I should show these to Denny... so he can know what to look up to


----------



## Trissacar (Apr 19, 2009)

JustDressageIt said:


> I should show these to Denny... so he can know what to look up to


Whos Denny?


----------



## ohmyitschelle (Aug 23, 2008)

Denny's JDI's horse. 
Your horse is absolutely gorgeous... I just love it's face!!!
x


----------



## JustDressageIt (Oct 4, 2007)

Trissacar said:


> Whos Denny?


Denny is my OTTB


----------



## Sara (Jul 6, 2007)

She's beautiful! Very nice mare.


----------



## Jubilee Rose (May 28, 2008)

Wow, she is sooo gorgeous! And what nice conformation too!


----------



## twogeldings (Aug 11, 2008)

-want- >.>


Thats all I have to say xD


----------



## Jane Honda (Feb 27, 2009)

Eye. Want. Two. 



Gorgeous!


----------



## LauraB (Nov 11, 2008)

Your horse is awesome!


----------



## close2prfct (Mar 9, 2009)

Jane Honda said:


> Eye. Want. Two.
> 
> 
> 
> Gorgeous!


Ditto..That is one gorgeous horse!


----------



## Trissacar (Apr 19, 2009)

Jubilee Rose said:


> Wow, she is sooo gorgeous! And what nice conformation too!


I know she has like the best comformation.


----------



## hotreddun (Jun 27, 2008)

cute cute! The picture with the head shot with the red ribbon it looks like she is saying, "enough with the pictures lady...lets go get some oats"


----------



## Lori1983 (Jan 9, 2009)

Wow. I absolutely love black thoroughbreds since I saw Sunday Silence race as a kid. (I grew up a few minutes from Churchill Downs). In love!


----------



## Trissacar (Apr 19, 2009)

hotreddun said:


> cute cute!

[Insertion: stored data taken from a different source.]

lemma phit_prod_X_omega_mixed_eq_0:
  assumes ex: "exch_system phi phit \<iota>" and ind: "E_indep_alg phit \<iota> B C"
    and \<omega>: "primitive_root n \<omega>"
    and S: "S \<subseteq> {0..<n}" "S \<noteq> {}" "S \<noteq> {0..<n}"
    and ZB: "\<forall>j\<in>S. Z j \<in> B" and ZC: "\<forall>j\<in>{0..<n} - S. Z j \<in> C"
  shows "phit (prod_list (map (\<lambda>j. X_omega \<iota> n \<omega> (Z j)) [0..<n])) = 0"
proof -
  let ?P = "PiE {0..<n} (\<lambda>_. {1..n})"
  define F where "F i = (\<Prod>j<n. \<omega> ^ i j) * phit (word \<iota> n i Z)" for i
  have "\<omega> ^ n = 1"
    using \<omega> by (simp add: primitive_root_def)
  have "0 < card S" "card S < n"
    using S finite_subset[OF S(1)] by (auto simp: card_gt_0_iff intro: psubset_card_mono[of "{0..<n}", simplified])
  then have \<omega>_card_S: "\<omega> ^ card S \<noteq> 1"
    using \<omega> unfolding primitive_root_def by blast
  have F_shift: "F (shift_on n S i) = \<omega> ^ card S * F i" if "i \<in> ?P" for i
  proof -
    have "phit (word \<iota> n (shift_on n S i) Z) = phit (word \<iota> n i Z)"
      using shift_on_kernel[OF that S(1)] by (intro E_indep_word_eq[OF ex ind S(1) ZB ZC]) auto
    then show ?thesis
      unfolding F_def prod_power_shift_on[OF \<open>\<omega> ^ n = 1\<close> S(1)] by simp
  qed
  have "(\<Sum>i\<in>?P. F i) = (\<Sum>i\<in>?P. F (shift_on n S i))"
    by (rule sum.reindex_bij_betw[OF bij_betw_shift_on[OF S(1)], symmetric])
  also have "\<dots> = \<omega> ^ card S * (\<Sum>i\<in>?P. F i)"
    by (simp add: F_shift sum_distrib_left)
  finally have "(1 - \<omega> ^ card S) * (\<Sum>i\<in>?P. F i) = 0"
    by (simp add: algebra_simps)
  with \<omega>_card_S have "(\<Sum>i\<in>?P. F i) = 0"
    by simp
  then show ?thesis
    unfolding phit_prod_X_omega_expand[OF exch_system_ncps[OF ex]] F_def .
qed

lemma subset_subalg_gen: "S \<subseteq> subalg_gen S"
  unfolding subalg_gen_def by blast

The picture with the head shot with the red ribbon it looks like she is saying, "enough with the pictures lady...lets go get some oats"


She was POed!


----------



## SallyJane (Feb 9, 2009)

She is absolutely gorgeous!!!


----------



## RedHawk (Jun 16, 2008)

She's beautiful!!!


----------